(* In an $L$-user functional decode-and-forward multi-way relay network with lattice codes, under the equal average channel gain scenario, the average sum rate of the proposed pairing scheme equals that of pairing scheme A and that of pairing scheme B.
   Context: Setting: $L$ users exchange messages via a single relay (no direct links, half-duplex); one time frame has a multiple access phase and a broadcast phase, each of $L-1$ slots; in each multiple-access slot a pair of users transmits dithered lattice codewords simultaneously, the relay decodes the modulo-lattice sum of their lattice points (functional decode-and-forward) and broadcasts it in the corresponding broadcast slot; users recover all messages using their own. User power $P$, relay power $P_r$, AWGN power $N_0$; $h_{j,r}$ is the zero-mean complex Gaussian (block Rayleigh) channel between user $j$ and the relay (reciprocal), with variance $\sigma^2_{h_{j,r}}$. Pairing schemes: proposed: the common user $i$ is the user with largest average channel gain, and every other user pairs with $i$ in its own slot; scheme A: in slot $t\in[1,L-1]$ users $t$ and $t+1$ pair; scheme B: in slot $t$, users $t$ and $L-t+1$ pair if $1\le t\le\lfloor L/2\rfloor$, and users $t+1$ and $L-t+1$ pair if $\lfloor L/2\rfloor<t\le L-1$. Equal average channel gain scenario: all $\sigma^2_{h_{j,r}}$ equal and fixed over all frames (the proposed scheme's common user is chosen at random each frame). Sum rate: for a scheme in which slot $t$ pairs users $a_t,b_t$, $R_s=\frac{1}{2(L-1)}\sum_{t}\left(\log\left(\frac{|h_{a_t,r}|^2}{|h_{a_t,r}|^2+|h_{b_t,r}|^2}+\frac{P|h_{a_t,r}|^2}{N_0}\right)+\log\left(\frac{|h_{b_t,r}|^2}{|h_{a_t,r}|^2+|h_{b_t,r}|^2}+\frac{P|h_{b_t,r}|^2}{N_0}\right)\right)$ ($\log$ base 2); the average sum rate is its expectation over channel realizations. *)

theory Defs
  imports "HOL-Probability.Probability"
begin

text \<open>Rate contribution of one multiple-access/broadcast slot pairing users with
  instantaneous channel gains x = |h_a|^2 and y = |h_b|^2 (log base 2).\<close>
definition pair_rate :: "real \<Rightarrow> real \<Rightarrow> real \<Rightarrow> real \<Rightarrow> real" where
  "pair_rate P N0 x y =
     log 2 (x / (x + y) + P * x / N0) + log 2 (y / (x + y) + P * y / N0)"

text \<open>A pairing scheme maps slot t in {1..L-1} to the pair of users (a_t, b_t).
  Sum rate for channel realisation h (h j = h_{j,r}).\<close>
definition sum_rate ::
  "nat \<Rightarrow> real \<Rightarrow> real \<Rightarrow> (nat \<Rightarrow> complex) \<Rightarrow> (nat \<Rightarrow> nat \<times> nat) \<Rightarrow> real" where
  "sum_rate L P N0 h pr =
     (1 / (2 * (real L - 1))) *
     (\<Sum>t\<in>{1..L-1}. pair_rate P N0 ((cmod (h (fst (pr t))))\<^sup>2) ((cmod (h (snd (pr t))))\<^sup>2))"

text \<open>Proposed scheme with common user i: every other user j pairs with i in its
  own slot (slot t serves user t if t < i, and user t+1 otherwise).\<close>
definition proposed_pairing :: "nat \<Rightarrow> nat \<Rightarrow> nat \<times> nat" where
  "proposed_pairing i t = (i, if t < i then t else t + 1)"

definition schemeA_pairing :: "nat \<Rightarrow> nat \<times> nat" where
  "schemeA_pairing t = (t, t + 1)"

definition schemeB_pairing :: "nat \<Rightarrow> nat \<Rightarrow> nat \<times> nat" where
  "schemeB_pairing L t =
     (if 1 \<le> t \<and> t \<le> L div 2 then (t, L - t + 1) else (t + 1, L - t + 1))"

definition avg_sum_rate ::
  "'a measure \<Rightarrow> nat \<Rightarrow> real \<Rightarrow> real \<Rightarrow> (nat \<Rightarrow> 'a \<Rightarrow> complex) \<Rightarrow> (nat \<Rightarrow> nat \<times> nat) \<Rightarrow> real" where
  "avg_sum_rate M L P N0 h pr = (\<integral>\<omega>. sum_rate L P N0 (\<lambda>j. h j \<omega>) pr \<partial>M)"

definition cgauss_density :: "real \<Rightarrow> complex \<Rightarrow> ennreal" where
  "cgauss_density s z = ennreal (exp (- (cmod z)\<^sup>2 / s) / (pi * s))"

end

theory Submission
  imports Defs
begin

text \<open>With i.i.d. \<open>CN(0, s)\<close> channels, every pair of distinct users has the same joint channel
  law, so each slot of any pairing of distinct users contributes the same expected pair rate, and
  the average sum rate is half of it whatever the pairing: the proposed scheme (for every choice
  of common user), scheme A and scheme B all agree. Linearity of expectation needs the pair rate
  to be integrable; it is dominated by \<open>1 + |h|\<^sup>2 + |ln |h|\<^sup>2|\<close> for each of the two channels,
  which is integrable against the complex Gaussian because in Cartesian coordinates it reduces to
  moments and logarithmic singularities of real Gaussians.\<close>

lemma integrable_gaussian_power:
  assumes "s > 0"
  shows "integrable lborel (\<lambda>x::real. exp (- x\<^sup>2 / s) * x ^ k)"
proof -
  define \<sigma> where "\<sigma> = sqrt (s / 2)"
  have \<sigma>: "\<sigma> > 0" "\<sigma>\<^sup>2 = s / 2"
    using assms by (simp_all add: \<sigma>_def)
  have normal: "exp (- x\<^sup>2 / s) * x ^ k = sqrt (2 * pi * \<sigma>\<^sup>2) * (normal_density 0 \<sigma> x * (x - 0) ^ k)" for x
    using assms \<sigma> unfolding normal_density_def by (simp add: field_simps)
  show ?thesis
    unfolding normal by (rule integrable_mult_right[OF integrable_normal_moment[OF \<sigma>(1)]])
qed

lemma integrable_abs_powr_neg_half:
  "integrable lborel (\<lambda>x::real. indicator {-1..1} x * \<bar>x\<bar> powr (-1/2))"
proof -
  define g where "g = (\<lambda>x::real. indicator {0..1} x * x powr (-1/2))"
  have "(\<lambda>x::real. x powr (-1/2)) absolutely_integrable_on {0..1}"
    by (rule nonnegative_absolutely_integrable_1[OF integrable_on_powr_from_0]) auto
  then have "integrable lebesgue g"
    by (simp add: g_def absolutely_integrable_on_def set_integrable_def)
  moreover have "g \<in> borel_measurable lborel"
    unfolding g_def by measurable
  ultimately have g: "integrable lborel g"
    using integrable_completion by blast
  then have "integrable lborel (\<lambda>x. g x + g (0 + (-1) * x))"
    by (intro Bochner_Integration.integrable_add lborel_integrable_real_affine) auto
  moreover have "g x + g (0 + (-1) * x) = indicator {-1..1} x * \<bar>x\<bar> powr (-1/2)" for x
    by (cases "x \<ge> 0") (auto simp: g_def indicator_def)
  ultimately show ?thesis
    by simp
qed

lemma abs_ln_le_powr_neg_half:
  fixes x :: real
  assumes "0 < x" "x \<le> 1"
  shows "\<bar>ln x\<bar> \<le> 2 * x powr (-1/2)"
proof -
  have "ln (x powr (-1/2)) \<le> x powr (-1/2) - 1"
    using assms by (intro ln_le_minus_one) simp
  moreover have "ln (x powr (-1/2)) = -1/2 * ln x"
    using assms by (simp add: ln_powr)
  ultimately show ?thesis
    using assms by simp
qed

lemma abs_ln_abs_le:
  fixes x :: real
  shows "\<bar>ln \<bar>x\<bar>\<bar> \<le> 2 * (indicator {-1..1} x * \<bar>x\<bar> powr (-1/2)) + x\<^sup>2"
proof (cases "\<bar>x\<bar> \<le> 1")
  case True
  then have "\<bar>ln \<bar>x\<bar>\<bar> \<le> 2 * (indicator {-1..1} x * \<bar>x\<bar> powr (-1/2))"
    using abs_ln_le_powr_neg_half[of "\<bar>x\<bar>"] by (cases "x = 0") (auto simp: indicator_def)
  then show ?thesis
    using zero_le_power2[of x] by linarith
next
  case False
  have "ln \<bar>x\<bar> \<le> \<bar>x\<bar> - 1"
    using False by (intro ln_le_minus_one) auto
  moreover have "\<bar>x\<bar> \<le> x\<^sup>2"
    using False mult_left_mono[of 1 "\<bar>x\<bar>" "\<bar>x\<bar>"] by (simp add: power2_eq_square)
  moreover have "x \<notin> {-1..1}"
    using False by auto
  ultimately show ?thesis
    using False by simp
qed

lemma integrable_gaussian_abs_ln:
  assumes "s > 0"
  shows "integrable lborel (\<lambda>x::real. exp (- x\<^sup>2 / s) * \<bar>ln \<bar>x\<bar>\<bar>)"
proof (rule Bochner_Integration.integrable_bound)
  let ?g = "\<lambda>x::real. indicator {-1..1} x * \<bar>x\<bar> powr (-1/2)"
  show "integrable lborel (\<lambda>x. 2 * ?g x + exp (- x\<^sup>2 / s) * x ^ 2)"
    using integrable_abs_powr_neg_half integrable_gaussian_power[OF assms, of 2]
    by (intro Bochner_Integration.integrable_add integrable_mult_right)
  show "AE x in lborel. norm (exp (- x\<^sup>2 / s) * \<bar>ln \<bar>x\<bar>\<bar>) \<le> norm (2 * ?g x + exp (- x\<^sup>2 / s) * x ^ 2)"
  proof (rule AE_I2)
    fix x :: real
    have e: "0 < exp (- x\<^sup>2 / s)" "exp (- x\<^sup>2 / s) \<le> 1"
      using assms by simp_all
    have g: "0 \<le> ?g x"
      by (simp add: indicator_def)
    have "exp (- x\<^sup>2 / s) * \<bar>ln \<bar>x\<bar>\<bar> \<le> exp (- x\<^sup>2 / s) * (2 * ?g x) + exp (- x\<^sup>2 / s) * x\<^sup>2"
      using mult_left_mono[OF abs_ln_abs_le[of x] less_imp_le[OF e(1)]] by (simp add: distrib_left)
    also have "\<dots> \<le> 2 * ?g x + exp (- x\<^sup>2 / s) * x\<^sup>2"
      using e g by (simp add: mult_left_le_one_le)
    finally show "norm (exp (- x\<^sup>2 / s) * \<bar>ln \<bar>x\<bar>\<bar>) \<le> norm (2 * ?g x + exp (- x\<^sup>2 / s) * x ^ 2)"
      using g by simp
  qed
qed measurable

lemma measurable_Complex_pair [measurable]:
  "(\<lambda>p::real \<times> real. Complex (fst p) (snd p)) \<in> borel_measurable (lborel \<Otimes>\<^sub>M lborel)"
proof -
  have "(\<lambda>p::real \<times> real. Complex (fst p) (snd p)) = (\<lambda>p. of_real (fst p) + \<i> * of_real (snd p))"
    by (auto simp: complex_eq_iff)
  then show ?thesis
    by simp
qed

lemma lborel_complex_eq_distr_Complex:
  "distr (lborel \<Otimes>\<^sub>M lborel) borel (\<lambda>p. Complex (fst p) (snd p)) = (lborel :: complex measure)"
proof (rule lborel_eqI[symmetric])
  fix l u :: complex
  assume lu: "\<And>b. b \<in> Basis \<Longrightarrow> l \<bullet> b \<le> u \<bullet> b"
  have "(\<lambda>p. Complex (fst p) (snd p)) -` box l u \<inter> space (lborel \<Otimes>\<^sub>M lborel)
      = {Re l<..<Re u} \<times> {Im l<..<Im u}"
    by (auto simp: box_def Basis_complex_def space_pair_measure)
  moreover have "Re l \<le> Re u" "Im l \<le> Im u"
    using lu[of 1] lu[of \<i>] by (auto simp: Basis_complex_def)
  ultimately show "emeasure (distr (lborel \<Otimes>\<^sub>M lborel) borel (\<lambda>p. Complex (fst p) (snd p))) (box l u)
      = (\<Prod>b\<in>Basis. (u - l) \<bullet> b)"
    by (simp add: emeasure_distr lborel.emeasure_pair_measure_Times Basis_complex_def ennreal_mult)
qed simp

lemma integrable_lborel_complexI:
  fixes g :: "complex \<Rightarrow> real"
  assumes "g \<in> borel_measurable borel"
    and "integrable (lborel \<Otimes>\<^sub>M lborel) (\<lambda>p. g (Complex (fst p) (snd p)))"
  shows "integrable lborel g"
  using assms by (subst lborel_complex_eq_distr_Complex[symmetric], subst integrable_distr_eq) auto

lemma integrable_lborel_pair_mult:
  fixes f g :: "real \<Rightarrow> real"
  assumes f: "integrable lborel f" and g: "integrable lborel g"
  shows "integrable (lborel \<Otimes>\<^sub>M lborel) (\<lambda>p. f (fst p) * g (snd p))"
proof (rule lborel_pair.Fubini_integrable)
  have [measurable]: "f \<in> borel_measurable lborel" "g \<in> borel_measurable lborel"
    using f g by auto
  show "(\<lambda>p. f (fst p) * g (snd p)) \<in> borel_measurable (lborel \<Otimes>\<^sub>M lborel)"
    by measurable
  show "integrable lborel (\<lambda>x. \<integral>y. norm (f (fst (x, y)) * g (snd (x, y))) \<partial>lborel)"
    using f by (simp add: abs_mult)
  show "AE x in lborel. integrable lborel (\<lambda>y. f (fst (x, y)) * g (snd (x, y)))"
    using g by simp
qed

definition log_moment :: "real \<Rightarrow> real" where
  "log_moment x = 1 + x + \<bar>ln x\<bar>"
++++++++++
→ ASSIGNMENT:
Based on the listing, determine the number of lines that include the string "unfolding", and give that number without further text.

→ RESPONSE AREA:
3